Work order:
Write out, without any change, the lines in the material below that run from the line with "using that m(1)" through the line with "m) \<in> (adjacency", both included.

Supplied records:
──────────

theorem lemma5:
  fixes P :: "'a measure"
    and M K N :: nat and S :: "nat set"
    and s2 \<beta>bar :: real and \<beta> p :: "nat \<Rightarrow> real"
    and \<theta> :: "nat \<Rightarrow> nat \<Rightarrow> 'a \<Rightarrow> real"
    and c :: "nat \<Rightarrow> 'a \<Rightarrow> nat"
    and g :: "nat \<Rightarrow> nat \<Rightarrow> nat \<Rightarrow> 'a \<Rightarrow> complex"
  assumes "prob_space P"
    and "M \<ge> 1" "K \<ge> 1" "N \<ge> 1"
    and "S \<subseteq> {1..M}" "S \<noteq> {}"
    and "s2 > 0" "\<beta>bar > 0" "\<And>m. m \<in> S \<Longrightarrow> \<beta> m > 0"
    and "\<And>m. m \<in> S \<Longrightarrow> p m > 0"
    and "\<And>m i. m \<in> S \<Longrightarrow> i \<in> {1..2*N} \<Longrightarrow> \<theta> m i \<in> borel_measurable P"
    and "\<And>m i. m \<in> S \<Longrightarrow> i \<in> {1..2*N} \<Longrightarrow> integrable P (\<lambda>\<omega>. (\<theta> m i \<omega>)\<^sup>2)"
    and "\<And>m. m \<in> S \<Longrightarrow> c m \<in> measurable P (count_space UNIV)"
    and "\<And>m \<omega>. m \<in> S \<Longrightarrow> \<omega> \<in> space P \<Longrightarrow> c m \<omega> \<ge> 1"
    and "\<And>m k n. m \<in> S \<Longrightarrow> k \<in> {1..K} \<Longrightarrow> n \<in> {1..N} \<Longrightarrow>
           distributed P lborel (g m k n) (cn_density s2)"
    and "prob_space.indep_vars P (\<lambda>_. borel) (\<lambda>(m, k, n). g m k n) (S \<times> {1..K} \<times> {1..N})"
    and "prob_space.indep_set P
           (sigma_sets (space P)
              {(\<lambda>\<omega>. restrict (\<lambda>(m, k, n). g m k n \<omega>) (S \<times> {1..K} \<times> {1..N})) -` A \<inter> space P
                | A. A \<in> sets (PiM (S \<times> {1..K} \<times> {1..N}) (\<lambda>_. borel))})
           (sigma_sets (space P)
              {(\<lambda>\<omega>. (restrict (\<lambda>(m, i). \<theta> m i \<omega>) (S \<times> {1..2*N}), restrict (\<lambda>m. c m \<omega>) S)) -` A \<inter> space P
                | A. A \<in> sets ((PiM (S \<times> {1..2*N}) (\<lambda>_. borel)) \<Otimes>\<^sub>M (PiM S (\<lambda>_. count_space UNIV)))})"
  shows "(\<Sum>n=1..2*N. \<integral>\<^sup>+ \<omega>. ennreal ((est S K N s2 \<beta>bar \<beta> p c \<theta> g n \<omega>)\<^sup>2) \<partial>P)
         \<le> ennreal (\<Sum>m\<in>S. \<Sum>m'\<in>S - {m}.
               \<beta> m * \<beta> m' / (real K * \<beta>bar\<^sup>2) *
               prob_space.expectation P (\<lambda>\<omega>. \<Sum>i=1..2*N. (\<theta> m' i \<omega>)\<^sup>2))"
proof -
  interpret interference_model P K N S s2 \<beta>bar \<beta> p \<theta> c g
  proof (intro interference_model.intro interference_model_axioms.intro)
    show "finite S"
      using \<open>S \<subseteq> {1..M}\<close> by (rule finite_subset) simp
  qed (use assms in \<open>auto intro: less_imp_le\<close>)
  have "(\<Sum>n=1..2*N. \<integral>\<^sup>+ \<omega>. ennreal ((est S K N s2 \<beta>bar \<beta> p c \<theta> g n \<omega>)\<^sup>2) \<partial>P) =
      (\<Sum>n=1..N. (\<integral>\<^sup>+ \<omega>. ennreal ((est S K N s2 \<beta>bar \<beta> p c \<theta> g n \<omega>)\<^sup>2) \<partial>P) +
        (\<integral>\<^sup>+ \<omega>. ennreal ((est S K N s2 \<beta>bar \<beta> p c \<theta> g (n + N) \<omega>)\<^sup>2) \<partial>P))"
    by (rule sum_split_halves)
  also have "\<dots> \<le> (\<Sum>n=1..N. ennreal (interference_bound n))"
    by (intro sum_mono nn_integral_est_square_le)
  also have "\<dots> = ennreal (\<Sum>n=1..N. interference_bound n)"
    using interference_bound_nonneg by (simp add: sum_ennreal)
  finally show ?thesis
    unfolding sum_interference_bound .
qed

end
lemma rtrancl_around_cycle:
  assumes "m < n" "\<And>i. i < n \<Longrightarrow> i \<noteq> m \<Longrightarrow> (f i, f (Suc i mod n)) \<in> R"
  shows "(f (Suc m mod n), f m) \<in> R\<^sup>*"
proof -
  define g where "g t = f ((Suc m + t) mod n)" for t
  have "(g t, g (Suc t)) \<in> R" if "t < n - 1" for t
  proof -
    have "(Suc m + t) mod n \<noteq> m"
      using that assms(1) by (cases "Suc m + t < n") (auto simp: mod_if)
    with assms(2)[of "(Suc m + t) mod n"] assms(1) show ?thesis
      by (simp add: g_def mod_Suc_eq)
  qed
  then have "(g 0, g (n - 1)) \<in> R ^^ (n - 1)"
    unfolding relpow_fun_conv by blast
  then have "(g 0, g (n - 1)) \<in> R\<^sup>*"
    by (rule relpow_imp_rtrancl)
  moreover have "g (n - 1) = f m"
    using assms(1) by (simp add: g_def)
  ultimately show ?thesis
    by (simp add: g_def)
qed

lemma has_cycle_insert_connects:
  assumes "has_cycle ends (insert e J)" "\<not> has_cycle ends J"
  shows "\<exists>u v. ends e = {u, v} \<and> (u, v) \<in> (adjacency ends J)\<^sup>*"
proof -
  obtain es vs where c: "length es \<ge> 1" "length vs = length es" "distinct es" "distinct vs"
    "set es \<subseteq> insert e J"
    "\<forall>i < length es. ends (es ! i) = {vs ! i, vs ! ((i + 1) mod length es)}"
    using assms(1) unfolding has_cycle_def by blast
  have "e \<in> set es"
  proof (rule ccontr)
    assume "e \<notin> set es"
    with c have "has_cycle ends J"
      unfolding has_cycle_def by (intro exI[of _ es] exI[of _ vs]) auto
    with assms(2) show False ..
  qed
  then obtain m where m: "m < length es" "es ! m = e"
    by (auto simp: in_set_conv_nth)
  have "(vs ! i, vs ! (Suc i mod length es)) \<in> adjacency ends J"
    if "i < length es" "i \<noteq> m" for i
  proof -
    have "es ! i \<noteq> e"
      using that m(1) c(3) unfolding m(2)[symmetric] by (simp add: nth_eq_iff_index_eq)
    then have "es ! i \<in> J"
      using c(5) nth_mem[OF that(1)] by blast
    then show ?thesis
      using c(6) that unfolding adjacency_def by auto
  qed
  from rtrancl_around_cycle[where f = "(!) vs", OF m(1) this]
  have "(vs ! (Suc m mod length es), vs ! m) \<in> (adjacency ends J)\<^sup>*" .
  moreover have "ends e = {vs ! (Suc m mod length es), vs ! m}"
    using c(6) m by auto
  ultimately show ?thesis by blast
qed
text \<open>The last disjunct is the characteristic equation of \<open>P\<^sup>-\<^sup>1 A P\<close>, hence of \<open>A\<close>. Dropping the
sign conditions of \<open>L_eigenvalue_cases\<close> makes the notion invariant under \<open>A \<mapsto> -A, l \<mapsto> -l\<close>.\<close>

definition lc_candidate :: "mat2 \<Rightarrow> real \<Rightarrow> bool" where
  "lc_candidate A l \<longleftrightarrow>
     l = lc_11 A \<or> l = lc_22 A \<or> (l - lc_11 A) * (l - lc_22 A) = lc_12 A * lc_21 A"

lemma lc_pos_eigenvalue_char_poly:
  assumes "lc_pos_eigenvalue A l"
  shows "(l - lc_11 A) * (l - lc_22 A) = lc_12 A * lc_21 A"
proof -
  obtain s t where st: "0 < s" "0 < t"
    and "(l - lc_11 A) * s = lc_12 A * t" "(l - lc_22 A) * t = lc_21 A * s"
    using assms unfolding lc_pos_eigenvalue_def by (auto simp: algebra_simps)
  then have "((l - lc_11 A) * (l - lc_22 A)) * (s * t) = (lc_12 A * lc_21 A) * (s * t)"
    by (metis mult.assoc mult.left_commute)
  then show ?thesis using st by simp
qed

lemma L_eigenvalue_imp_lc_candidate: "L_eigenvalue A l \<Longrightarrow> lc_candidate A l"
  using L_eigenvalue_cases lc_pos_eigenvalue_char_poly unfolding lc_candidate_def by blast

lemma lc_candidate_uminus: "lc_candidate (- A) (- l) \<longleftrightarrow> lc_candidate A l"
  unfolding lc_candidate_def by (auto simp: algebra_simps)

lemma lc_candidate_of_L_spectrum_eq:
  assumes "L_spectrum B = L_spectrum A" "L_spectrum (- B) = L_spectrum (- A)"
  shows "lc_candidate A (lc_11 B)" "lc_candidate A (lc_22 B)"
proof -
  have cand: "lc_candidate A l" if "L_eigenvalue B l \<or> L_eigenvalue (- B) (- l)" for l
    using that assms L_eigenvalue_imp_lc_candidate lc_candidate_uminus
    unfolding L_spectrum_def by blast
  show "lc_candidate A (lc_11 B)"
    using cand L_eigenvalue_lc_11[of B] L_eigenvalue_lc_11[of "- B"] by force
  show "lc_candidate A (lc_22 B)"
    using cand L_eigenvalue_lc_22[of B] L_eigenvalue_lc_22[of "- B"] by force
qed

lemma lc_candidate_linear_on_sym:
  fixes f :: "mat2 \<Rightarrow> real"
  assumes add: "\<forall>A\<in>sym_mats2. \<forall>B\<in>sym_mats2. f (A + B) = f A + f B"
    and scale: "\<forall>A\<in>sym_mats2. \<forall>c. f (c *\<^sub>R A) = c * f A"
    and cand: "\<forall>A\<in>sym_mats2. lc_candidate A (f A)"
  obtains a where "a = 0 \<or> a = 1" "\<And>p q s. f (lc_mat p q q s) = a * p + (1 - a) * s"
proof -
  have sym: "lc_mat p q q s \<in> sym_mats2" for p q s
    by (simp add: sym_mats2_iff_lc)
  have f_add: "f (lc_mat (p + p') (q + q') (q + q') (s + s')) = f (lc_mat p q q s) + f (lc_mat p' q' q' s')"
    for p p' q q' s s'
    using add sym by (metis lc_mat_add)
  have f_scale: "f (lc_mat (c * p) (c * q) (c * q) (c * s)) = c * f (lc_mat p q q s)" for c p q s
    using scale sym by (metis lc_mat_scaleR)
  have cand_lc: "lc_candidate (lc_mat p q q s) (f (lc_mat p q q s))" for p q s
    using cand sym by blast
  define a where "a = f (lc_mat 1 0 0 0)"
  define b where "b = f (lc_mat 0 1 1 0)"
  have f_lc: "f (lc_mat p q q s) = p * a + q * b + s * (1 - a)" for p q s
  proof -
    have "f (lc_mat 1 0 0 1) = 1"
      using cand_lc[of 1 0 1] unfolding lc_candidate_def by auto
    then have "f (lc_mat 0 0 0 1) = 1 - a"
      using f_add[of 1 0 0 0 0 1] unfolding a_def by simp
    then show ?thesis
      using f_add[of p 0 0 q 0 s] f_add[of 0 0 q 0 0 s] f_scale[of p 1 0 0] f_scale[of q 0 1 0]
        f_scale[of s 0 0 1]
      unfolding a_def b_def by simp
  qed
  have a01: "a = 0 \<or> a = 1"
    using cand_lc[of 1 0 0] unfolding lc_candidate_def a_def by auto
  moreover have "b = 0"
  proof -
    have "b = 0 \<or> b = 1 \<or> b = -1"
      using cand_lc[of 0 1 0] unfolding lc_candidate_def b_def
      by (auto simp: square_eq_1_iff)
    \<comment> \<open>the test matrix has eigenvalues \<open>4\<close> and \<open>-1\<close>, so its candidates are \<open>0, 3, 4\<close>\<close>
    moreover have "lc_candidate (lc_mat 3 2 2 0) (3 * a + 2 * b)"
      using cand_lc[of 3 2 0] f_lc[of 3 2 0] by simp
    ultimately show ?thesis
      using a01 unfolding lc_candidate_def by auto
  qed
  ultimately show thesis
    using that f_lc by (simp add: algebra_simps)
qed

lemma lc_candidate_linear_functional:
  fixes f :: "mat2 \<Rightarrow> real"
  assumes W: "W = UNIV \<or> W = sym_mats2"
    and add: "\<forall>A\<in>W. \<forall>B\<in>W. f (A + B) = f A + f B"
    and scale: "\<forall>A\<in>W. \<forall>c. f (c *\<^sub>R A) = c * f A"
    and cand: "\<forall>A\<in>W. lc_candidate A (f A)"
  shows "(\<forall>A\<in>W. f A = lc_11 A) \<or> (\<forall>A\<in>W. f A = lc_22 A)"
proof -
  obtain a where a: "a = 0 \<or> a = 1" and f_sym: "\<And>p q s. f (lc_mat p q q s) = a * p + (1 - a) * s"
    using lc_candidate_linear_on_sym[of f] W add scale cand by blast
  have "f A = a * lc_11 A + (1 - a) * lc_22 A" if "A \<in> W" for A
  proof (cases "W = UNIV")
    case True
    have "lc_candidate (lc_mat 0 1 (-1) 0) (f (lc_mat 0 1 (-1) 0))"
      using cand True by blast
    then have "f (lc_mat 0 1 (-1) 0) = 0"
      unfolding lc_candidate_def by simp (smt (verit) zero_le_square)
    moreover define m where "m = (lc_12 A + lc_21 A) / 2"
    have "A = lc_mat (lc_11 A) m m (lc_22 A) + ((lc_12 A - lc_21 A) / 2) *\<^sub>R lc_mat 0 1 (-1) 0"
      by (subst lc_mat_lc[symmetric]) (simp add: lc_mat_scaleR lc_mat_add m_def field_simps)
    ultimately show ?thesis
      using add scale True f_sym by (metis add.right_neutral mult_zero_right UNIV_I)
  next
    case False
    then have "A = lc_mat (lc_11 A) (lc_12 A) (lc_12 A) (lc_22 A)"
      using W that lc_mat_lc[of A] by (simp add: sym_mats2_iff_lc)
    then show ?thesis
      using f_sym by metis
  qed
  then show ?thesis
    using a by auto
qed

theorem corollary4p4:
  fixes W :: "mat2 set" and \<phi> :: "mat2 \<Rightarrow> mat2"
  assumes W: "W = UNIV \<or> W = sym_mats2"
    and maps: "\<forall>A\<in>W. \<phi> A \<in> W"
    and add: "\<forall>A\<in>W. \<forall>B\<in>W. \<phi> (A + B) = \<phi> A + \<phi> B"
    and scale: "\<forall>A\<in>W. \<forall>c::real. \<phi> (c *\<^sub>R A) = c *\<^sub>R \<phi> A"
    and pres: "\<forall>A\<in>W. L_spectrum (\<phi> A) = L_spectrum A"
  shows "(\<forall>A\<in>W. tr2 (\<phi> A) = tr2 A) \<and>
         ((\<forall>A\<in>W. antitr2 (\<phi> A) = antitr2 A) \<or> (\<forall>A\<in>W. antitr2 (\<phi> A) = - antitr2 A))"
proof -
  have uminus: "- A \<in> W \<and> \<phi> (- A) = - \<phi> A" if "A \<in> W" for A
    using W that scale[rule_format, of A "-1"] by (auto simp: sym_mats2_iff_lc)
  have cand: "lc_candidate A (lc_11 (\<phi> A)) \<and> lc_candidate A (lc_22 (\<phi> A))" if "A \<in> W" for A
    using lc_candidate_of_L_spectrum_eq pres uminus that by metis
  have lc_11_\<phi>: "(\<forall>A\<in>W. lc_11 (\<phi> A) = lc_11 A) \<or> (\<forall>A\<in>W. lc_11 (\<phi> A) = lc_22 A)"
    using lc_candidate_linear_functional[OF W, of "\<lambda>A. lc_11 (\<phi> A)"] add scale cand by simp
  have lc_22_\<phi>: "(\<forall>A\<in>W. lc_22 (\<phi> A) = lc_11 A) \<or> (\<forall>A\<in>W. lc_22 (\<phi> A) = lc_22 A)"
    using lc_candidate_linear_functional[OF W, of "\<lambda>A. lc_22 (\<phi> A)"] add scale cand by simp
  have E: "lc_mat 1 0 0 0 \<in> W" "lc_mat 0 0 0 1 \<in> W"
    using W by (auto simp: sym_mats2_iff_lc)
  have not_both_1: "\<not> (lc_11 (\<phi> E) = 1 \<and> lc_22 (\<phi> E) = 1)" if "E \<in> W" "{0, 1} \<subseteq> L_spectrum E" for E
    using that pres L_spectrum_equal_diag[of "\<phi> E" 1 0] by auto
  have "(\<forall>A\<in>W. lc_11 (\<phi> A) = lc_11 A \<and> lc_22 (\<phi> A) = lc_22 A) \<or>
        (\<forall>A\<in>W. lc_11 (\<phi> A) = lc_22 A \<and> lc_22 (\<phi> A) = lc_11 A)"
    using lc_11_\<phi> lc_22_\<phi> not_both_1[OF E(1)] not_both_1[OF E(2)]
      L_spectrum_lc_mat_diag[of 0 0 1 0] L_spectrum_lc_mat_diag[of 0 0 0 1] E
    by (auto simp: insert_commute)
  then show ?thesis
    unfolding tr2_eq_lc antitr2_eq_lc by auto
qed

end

──────────

Result:
      using that m(1) c(3) unfolding m(2)[symmetric] by (simp add: nth_eq_iff_index_eq)
    then have "es ! i \<in> J"
      using c(5) nth_mem[OF that(1)] by blast
    then show ?thesis
      using c(6) that unfolding adjacency_def by auto
  qed
  from rtrancl_around_cycle[where f = "(!) vs", OF m(1) this]
  have "(vs ! (Suc m mod length es), vs ! m) \<in> (adjacency ends J)\<^sup>*" .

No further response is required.